Love is there, in the little details

True love is not known for what it demands, but for what it offers. Wanting and loving are not synonymous with submission or dependency, but with freedom and enjoyment.

In any case, it is important that we are not confused with the terms that are used today. The ideal is not detachment, but healthy attachment. That is, secure attachment as an affective inclination free of insecurities and demands to which we have to aspire. However, detaching ourselves means detaching ourselves, not wanting, or preferring, which is not at all desirable.

On the other hand, we have to get rid of super-romantic ideas, those from classic stories or Hollywood movies.

We have absorbed that the principles of a desirable relationship are based on hyperagency. But, that’s just a source of unrealistic emotional dependencies, demands, and expectations. True love is not that which is perfect, but that which is constituted with sincerity, trust and respect.

What do long-term partners have in common?

Ideal love is just a mental construction to which we attribute characteristics that we assume we would like to live with. But the reality is different. There is no magic formula for creating a healthy and lasting relationship.

However, the American psychological and medical  John Gottman highlighted five fundamental pillars shared by couples who best sustain their love.

Having a stable relationship is possible.

1. Love is in the little details: admiration

Stable and lasting couples are able to positively value what defines the other member. It does not consist in candidly expressing the qualities of the other, but in showing good regard.

2. Forming a team

The important thing is to perceive the relationship as “us” instead of “you on the one hand and me on the other. This is carried to the last consequences. That is, the two members of the couple are responsible for what happens in it.

3. Deep knowledge of the other and of the relationship

Successful couples can express what arouses interest in their partners and what does not. In addition, they express themselves openly and without fear.

4. Learning from difficulties

Long-lasting couples speak of having overcome their difficulties by cooperating and working together, so they express themselves in a positive way.

5. Acceptance

These couples are aware that there are difficulties that can be overcome and others that cannot. Therefore, they have agreed to live with it. In fact, being different seems to them an advantage rather than a disadvantage.

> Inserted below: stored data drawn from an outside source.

(* Let $S^0$ be an inverse semigroup with semilattice of idempotents $E^0$ and let $I$ be a left regular band having $E^0$ as a semilattice transversal. Suppose there is a left action $(x,e)\mapsto x\ast e$ of $S^0$ on $I$ (so $(xy)\ast e=x\ast(y\ast e)$) with $x\ast(ef)=(x\ast e)(x\ast f)$ for all $x\in S^0$, $e,f\in I$, satisfying: 1. for all $x,y\in S^0$, $x\ast(yy^{-1})=(xy)(xy)^{-1}$; 2. for all $x\in S^0$, $e\in I$, $(xx^{-1})\ast e=(xx^{-1})e$. Define on $W=\{(e,x)\in I\times S^0: e\in L_{xx^{-1}}\}$ the multiplication $(e,x)(g,y)=(e(x\ast g),xy)$. Then $W$ is a left inverse semigroup with an inverse transversal isomorphic to $S^0$, and $I(W)\cong I$. Moreover every left inverse semigroup with an inverse transversal can be constructed (up to isomorphism) in this way.
   Context: $V(x)$ denotes the set of inverses of $x$. A left inverse semigroup is a regular semigroup in which each $\mathcal{R}$-class contains a unique idempotent (equivalently its idempotents form a left regular band). An inverse subsemigroup $T^0$ of a regular semigroup $T$ is an inverse transversal if $|V(x)\cap T^0|=1$ for all $x\in T$; writing $x^0$ for this element, $I(T)=\{xx^0:x\in T\}$. A left regular band satisfies $xyx=xy$; $E^0$ is a semilattice transversal of $I$ if it is a subsemilattice of $I$ and each element of $I$ has exactly one inverse in $E^0$. For $x\in E^0$, $L_x$ is the $\mathcal{L}$-class of $x$ in $I$. *)

theory Defs
  imports Main
begin

definition semigroup_on :: "'a set \<Rightarrow> ('a \<Rightarrow> 'a \<Rightarrow> 'a) \<Rightarrow> bool" where
  "semigroup_on S m \<longleftrightarrow> (\<forall>x\<in>S. \<forall>y\<in>S. m x y \<in> S) \<and>
     (\<forall>x\<in>S. \<forall>y\<in>S. \<forall>z\<in>S. m (m x y) z = m x (m y z))"

definition inverses :: "'a set \<Rightarrow> ('a \<Rightarrow> 'a \<Rightarrow> 'a) \<Rightarrow> 'a \<Rightarrow> 'a set" where
  "inverses S m x = {y \<in> S. m (m x y) x = x \<and> m (m y x) y = y}"

definition regular_sg :: "'a set \<Rightarrow> ('a \<Rightarrow> 'a \<Rightarrow> 'a) \<Rightarrow> bool" where
  "regular_sg S m \<longleftrightarrow> semigroup_on S m \<and> (\<forall>x\<in>S. inverses S m x \<noteq> {})"

definition idems :: "'a set \<Rightarrow> ('a \<Rightarrow> 'a \<Rightarrow> 'a) \<Rightarrow> 'a set" where
  "idems S m = {e \<in> S. m e e = e}"

definition inverse_sg :: "'a set \<Rightarrow> ('a \<Rightarrow> 'a \<Rightarrow> 'a) \<Rightarrow> bool" where
  "inverse_sg S m \<longleftrightarrow> semigroup_on S m \<and> (\<forall>x\<in>S. \<exists>!y. y \<in> inverses S m x)"

definition sg_inv :: "'a set \<Rightarrow> ('a \<Rightarrow> 'a \<Rightarrow> 'a) \<Rightarrow> 'a \<Rightarrow> 'a" where
  "sg_inv S m x = (THE y. y \<in> inverses S m x)"
(* Let $K\supseteq\mathbb{F}_q$ be a field with Frobenius $\phi_q\colon a\mapsto a^q$, let $(M,\Phi)$ be an $n$-dimensional Frobenius module over $(K,\phi_q)$ with representing matrix $D\in\operatorname{GL}_n(K)$ with respect to some basis, and let $f\in K[X]$ be a polynomial of degree $q^n$. Suppose that every solution $x=(x_1,\ldots,x_n)\in\overline K^{\,n}$ of $D\cdot(x_1^q,\dots,x_n^q)^{\mathrm{tr}}=x$ is uniquely determined by its first coordinate $x_1$, that all other coordinates of $x$ lie in the field $K(x_1)$, and that $f(x_1)=0$. Then $\mathrm{Gal}^\Phi(M)\cong\mathrm{Gal}_K(f)$.
   Context: A Frobenius module over $(K,\phi_q)$ is a finite-dimensional $K$-vector space $M$ with an injective $\phi_q$-semilinear map $\Phi$; its representing matrix $D$ in a basis satisfies $\Phi(x)=D\cdot(x_1^q,\dots,x_n^q)^{\mathrm{tr}}$ in coordinates. The solution field is the minimal extension $L/K$ (inside the algebraic closure $\overline K$) such that $\{x\in L\otimes M:\Phi(x)=x\}$ has $\mathbb{F}_q$-dimension $\dim_K M$; it is Galois over $K$ and $\mathrm{Gal}^\Phi(M):=\mathrm{Gal}(L/K)$. *)

theory Defs
  imports "HOL-Algebra.Algebraic_Closure_Type" "Jordan_Normal_Form.Matrix"
begin

text \<open>Ambient algebraic closure: for a field K of type 'k, the algebraic closure
  is the type 'k alg_closure, and K is embedded via to_ac.\<close>

definition is_subfield :: "'a::field set \<Rightarrow> bool" where
  "is_subfield L \<longleftrightarrow> 0 \<in> L \<and> 1 \<in> L \<and>
     (\<forall>a\<in>L. \<forall>b\<in>L. a + b \<in> L \<and> a * b \<in> L) \<and>
     (\<forall>a\<in>L. - a \<in> L \<and> inverse a \<in> L)"
lemma distinct_blocks:
  shows "block {3,4} \<noteq> block {1,2,4}"
    and "block {1,2} \<noteq> block {2,3}"
    and "block {3,4} \<noteq> block {1,2,3}"
    and "block {1,4} \<noteq> block {1,2,3}"
    and "block {1,2,3} \<noteq> block {1,2,4}"
    and "block {1,2} \<noteq> block {1,3,4}"
    and "block {2,3} \<noteq> block {1,3,4}"
    and "block {1,4} \<noteq> block {2,3,4}"
    and "block {1,2} \<noteq> block {2,3,4}"
    and "block {1,2,4} \<noteq> block {2,3,4}"
    and "block {2,3} \<noteq> block {1,2,4}"
    and "block {1,2} \<noteq> block {1,4}"
    and "block {1,2,3} \<noteq> block {2,3,4}"
    and "block {1,2,3} \<noteq> block {1,3,4}"
    and "block {4} \<noteq> block {1,3,4}"
    and "block {1,4} \<noteq> block {3,4}"
    and "block {2,3} \<noteq> block {3,4}"
  apply (rule block_neq_of_witness[where w = "vec_of_list [2, 1, 3, -3]"]; simp add: witness_facts)
  apply (rule block_neq_of_witness[where w = "vec_of_list [8, -8, 8, 4]"]; simp add: witness_facts)
  apply (rule block_neq_of_witness[where w = "vec_of_list [-8, 1, 7, -7]"]; simp add: witness_facts)
  apply (rule block_neq_of_witness[where w = "vec_of_list [3, 2, -5, -3]"]; simp add: witness_facts)
  apply (rule block_neq_of_witness[where w = "vec_of_list [-2, -1, 3, 3]"]; simp add: witness_facts)
  apply (rule block_neq_of_witness[where w = "vec_of_list [3, -3, -6, 3]"]; simp add: witness_facts)
  apply (rule block_neq_of_witness[where w = "vec_of_list [1, -7, 7, -8]"]; simp add: witness_facts)
  apply (rule block_neq_of_witness[where w = "vec_of_list [3, 6, -3, -3]"]; simp add: witness_facts)
  apply (rule block_neq_of_witness[where w = "vec_of_list [6, -6, -2, 8]"]; simp add: witness_facts)
  apply (rule block_neq_of_witness[where w = "vec_of_list [-6, 3, -6, 3]"]; simp add: witness_facts)
  apply (rule block_neq_of_witness[where w = "vec_of_list [4, 2, -2, -6]"]; simp add: witness_facts)
  apply (rule block_neq_of_witness[where w = "vec_of_list [-2, 2, -1, 2]"]; simp add: witness_facts)
  apply (rule block_neq_of_witness[where w = "vec_of_list [1, -7, 6, 1]"]; simp add: witness_facts)
  apply (rule block_neq_of_witness[where w = "vec_of_list [-2, 3, -1, 3]"]; simp add: witness_facts)
  apply (rule block_neq_of_witness[where w = "vec_of_list [-1, -9, 1, 0]"]; simp add: witness_facts)
  apply (rule block_neq_of_witness[where w = "vec_of_list [-5, -9, -5, 5]"]; simp add: witness_facts)
  apply (rule block_neq_of_witness[where w = "vec_of_list [-9, 4, -4, 4]"]; simp add: witness_facts)
  done

lemma shared_blocks:
  shows "block {3} = block {1,2} \<or> block {1,2} = block {1,2,3} \<or> block {3} = block {1,2,3}"
    and "block {3} = block {1,4} \<or> block {1,4} = block {1,3,4} \<or> block {3} = block {1,3,4}"
    and "block {4} = block {1,2} \<or> block {1,2} = block {1,2,4} \<or> block {4} = block {1,2,4}"
    and "block {4} = block {2,3} \<or> block {2,3} = block {2,3,4} \<or> block {4} = block {2,3,4}"
    and "block {4} = block {1,2,3} \<or> block {1,2,3} = block {1,2,3,4} \<or> block {4} = block {1,2,3,4}"
    and "block {1,2} = block {3,4} \<or> block {3,4} = block {1,2,3,4} \<or> block {1,2} = block {1,2,3,4}"
    and "block {1,4} = block {2,3} \<or> block {2,3} = block {1,2,3,4} \<or> block {1,4} = block {1,2,3,4}"
  by (rule block_of_disjoint_union; simp add: connected_sets_C4 set_eq_subset)+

We do not have to look for a perfect love, but a true, simple and satisfying love. Having a good relationship does not mean not arguing, but resolving differences and living with those that cannot be solved.

If you consider that it is difficult for you to manage any aspect of your relationship and you think you need help to work on it, do not hesitate to consult a psychologist. The professional will be able to offer you the guidance you need as well as the opportunity to start a couples therapy that helps you improve and preserve your relationship.